Da ist ein gehöriges Maß an Melancholie im Spiel, wie auch ihr Regie-Durchbruch »Lost in Translation« 2003 zeigte. Ein Mann und eine Frau sind so umstellt von lauter falschen Handlungen, dass sie selbst aufhören zu handeln. Stattdessen geben sie sich anderen unverständliche Zeichen. So kommt Poesie ins ansonsten bis zum Schluss ausrechenbare Spiel. NichtMitspieler aller Länder vereinigt euch, aber lasst dabei einen kleinen Abstand, der atmen lässt!
»Die Verführten« ist ein Film für sieben Schauspielerinnen und einen Schauspieler, die im darstellerischen Minimalismus eine Meisterschaft entwickeln, für die man die eigenen Sinne erst wieder schärfen muss. Wo Begierden im Spiel sind, da wachsen auch Intrigen und Verrat. Das muss auch der verwundete Soldat erleben, der anfangs so aufopfernd vom weiblichen Element des Hauses gepflegt wird. Er macht schnelle Genesungsfortschritte, so dass er eines Tages von der Lehrerin Edwina Dabney in flagranti bei der achtzehnjährigen Alicia (Elle Fanning) erwischt wird, weil Dabney selber in Erwartung des Mannes hellwach liegt.

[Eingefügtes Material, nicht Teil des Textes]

(* Let $U:\mathbb{R}^d\to\mathbb{R}$ be twice continuously differentiable with $\nabla U(0)=0$ and $\sup_x\|\mathrm{D}^2U(x)\|\le\mathtt{L}$, and assume there exist $\mathtt{m}>0$, $\mathtt{K}\ge0$ with $\mathrm{D}^2U(x)[y,y]\ge\mathtt{m}$ whenever $\|x\|\ge\mathtt{K}$, $\|y\|=1$. Let $\bar\gamma\in(0,\mathtt{m}/(4\mathtt{L}^2)]$, $\tilde{\mathtt{K}}=2\mathtt{K}(1+\mathtt{L}/\mathtt{m})$ and $\tilde b^{\mathrm U}_{\bar\gamma}=2d+[\max(\tilde{\mathtt{K}},2\sqrt{2d/\mathtt{m}})]^2(\bar\gamma\mathtt{L}^2+2\mathtt{L}+\mathtt{m}/2)$. Then for any $\gamma\in(0,\bar\gamma]$ and $x\in\mathbb{R}^d$, $$\int_{\mathbb{R}^d}\|y\|^2Q_\gamma(x,dy)\le\{1-\mathtt{m}\gamma/2\}\|x\|^2+\gamma\tilde b^{\mathrm U}_{\bar\gamma}.$$
   Context: $Q_\gamma(x,A)=\int\mathbb{1}_A(x-\gamma\nabla U(x)+\sqrt{2\gamma}z)\varphi(z)dz$ is the unadjusted Langevin kernel, $\varphi$ the standard Gaussian density on $\mathbb{R}^d$. *)

theory Defs
  imports "HOL-Probability.Probability"
begin

definition std_gauss_dens :: "real^'n \<Rightarrow> real" where
  "std_gauss_dens z = (2 * pi) powr (- real CARD('n) / 2) * exp (- (norm z)\<^sup>2 / 2)"

definition ULA_kernel :: "(real^'n \<Rightarrow> real^'n) \<Rightarrow> real \<Rightarrow> real^'n \<Rightarrow> (real^'n) measure" where
  "ULA_kernel gradU \<gamma> x =
     distr (density lborel (\<lambda>z. ennreal (std_gauss_dens z))) borel
       (\<lambda>z. x - \<gamma> *\<^sub>R gradU x + sqrt (2 * \<gamma>) *\<^sub>R z)"

end

theory Submission
  imports Defs
begin

text \<open>Under \<open>Q\<^sub>\<gamma>(x, \<cdot>)\<close> the next state is Gaussian with mean \<open>a = x - \<gamma> \<nabla>U(x)\<close> and covariance
  \<open>2\<gamma> I\<close>, so its second moment is \<open>\<parallel>a\<parallel>\<^sup>2 + 2\<gamma>d\<close>. The Hessian bound gives \<open>\<parallel>\<nabla>U(x)\<parallel> \<le> L\<parallel>x\<parallel>\<close>, and
  integrating the Hessian along the segment from \<open>0\<close> to \<open>x\<close> gives the dissipativity
  \<open>\<langle>x, \<nabla>U(x)\<rangle> \<ge> m\<parallel>x\<parallel>\<^sup>2/2\<close> for \<open>\<parallel>x\<parallel> \<ge> 2K(1 + L/m)\<close>. Expanding \<open>\<parallel>a\<parallel>\<^sup>2\<close>, the step size condition
  \<open>\<gamma>L\<^sup>2 \<le> m/4\<close> turns dissipativity into contraction far out, while near the origin everything is
  absorbed into the constant.\<close>

section \<open>Second moments of the Gaussian and of the kernel\<close>

lemma power2_norm_eq_sum_Basis:
  fixes z :: "'a::euclidean_space"
  shows "(norm z)\<^sup>2 = (\<Sum>b\<in>Basis. (z \<bullet> b)\<^sup>2)"
  unfolding power2_norm_eq_inner by (subst euclidean_inner) (simp add: power2_eq_square)

lemma std_gauss_dens_nonneg: "0 \<le> std_gauss_dens z"
  unfolding std_gauss_dens_def by simp

lemma borel_measurable_std_gauss_dens[measurable]: "std_gauss_dens \<in> borel_measurable borel"
  unfolding std_gauss_dens_def by measurable

lemma std_gauss_dens_uminus: "std_gauss_dens (- z) = std_gauss_dens z"
  by (simp add: std_gauss_dens_def)

lemma std_gauss_dens_eq_prod:
  "std_gauss_dens (z::real^'n) = (\<Prod>b\<in>Basis. std_normal_density (z \<bullet> b))"
proof -
  have "(2 * pi) powr (- real CARD('n) / 2) = ((2 * pi) powr (- (1 / 2))) ^ CARD('n)"
    by (subst powr_power) auto
  also have "\<dots> = (\<Prod>b\<in>(Basis::(real^'n) set). 1 / sqrt (2 * pi))"
    by (simp add: powr_minus_divide powr_half_sqrt)
  finally have const: "(2 * pi) powr (- real CARD('n) / 2) = (\<Prod>b\<in>(Basis::(real^'n) set). 1 / sqrt (2 * pi))" .
  have exponent: "exp (- (norm z)\<^sup>2 / 2) = (\<Prod>b\<in>Basis. exp (- (z \<bullet> b)\<^sup>2 / 2))"
    by (simp add: power2_norm_eq_sum_Basis exp_sum[symmetric] sum_negf sum_divide_distrib)
  show ?thesis
    unfolding std_gauss_dens_def std_normal_density_def const exponent by (rule prod.distrib[symmetric])
qed

lemma nn_integral_std_normal_moment_even:
  "(\<integral>\<^sup>+t. ennreal (std_normal_density t * t ^ (2 * k)) \<partial>lborel) = ennreal (fact (2 * k) / (2 ^ k * fact k))"
  using std_normal_moment_even[of k]
  by (subst nn_integral_eq_integral) (auto simp: has_bochner_integral_iff normal_density_nonneg)

lemma nn_integral_std_gauss_dens: "(\<integral>\<^sup>+z. ennreal (std_gauss_dens (z::real^'n)) \<partial>lborel) = 1"
proof -
  have "(\<integral>\<^sup>+z. ennreal (std_gauss_dens (z::real^'n)) \<partial>lborel)
      = (\<integral>\<^sup>+z. (\<Prod>b\<in>Basis. (\<lambda>_ t. ennreal (std_normal_density t)) b ((z::real^'n) \<bullet> b)) \<partial>lborel)"
    by (simp add: std_gauss_dens_eq_prod prod_ennreal normal_density_nonneg)
  also have "\<dots> = (\<Prod>b\<in>(Basis::(real^'n) set). \<integral>\<^sup>+t. ennreal (std_normal_density t) \<partial>lborel)"
    by (rule nn_integral_lborel_prod) auto
  finally show ?thesis
    using nn_integral_std_normal_moment_even[of 0] by simp
qed

lemma nn_integral_std_gauss_dens_norm_sq:
  "(\<integral>\<^sup>+z. ennreal (std_gauss_dens (z::real^'n)) * ennreal ((norm z)\<^sup>2) \<partial>lborel) = CARD('n)"
proof -
  define f :: "real^'n \<Rightarrow> real^'n \<Rightarrow> real \<Rightarrow> ennreal"
    where "f c b t = ennreal (std_normal_density t * (if b = c then t\<^sup>2 else 1))" for c b t
  have split: "ennreal (std_gauss_dens z) * ennreal ((norm z)\<^sup>2) = (\<Sum>c\<in>Basis. \<Prod>b\<in>Basis. f c b (z \<bullet> b))"
    for z :: "real^'n"
  proof -
    have "(\<Prod>b\<in>Basis. std_normal_density (z \<bullet> b) * (if b = c then (z \<bullet> b)\<^sup>2 else 1))
        = std_gauss_dens z * (z \<bullet> c)\<^sup>2" if "c \<in> Basis" for c
      using that by (simp add: prod.distrib std_gauss_dens_eq_prod prod.delta)
    then have "std_gauss_dens z * (norm z)\<^sup>2
        = (\<Sum>c\<in>Basis. \<Prod>b\<in>Basis. std_normal_density (z \<bullet> b) * (if b = c then (z \<bullet> b)\<^sup>2 else 1))"
      by (simp add: power2_norm_eq_sum_Basis sum_distrib_left)
    then show ?thesis
      unfolding f_def
      by (simp add: ennreal_mult''[symmetric] std_gauss_dens_nonneg sum_ennreal[symmetric]
          prod_ennreal[symmetric] normal_density_nonneg prod_nonneg sum_nonneg)
  qed
  have moment: "(\<integral>\<^sup>+t. f c b t \<partial>lborel) = 1" for b c
    using nn_integral_std_normal_moment_even[of 0] nn_integral_std_normal_moment_even[of 1]
    by (cases "b = c") (simp_all add: f_def)
  have "(\<integral>\<^sup>+z. ennreal (std_gauss_dens (z::real^'n)) * ennreal ((norm z)\<^sup>2) \<partial>lborel)
      = (\<Sum>c\<in>(Basis::(real^'n) set). \<integral>\<^sup>+z. (\<Prod>b\<in>Basis. f c b (z \<bullet> b)) \<partial>lborel)"
    unfolding split by (rule nn_integral_sum) (auto simp: f_def)
  also have "\<dots> = (\<Sum>c\<in>(Basis::(real^'n) set). \<Prod>b\<in>(Basis::(real^'n) set). \<integral>\<^sup>+t. f c b t \<partial>lborel)"
    by (intro sum.cong refl nn_integral_lborel_prod) (auto simp: f_def normal_density_nonneg)
  finally show ?thesis
    by (simp add: moment)
qed

lemma nn_integral_lborel_uminus:
  fixes f :: "'a::euclidean_space \<Rightarrow> ennreal"
  assumes [measurable]: "f \<in> borel_measurable borel"
  shows "(\<integral>\<^sup>+z. f (- z) \<partial>lborel) = (\<integral>\<^sup>+z. f z \<partial>lborel)"
  by (subst (2) lborel_affine[of "-1" 0]) (simp_all add: nn_integral_density nn_integral_distr)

Kirsten Dunst zeigt uns eine resignative, nicht mehr ganz junge Frau, die sich im Fortgang der sich anbahnenden weiblichen Rache gleichsam selbst opfert, wenn auch nicht uneigennützig. Im Moment der ernüchternden Überraschung stößt sie den noch nicht ganz trittsicheren Soldaten die Treppe hinab. Wieder ist sein Bein kaputt, aber die erzürnten Amazonen sind diesmal ganz ohne Mitleid mit dem Kerl.
Die sibyllinische Nicole Kidman als Herrin Hauses beschließt: Hier hilft nur noch eine Amputation! So sägen sie dem Bewusstlosen kaltblütig das Bein ab (das sie dann feierlich im Garten beerdigen). Spätestens hier weiß man, dass Dämonen geweckt wurden, die sich nicht mehr befrieden lassen. Denn der Soldat wird, wenn er erwacht, über das Fehlen seines Beines wenig erfreut sein. Also herrscht Krieg auf Leben und Tod, nun auch auf dieser Insel des falschen Friedens.
Ein stilsicher verfilmtes Bestiarium weiblicher Erotik, dem etwas durch und durch Gespenstisches anhaftet.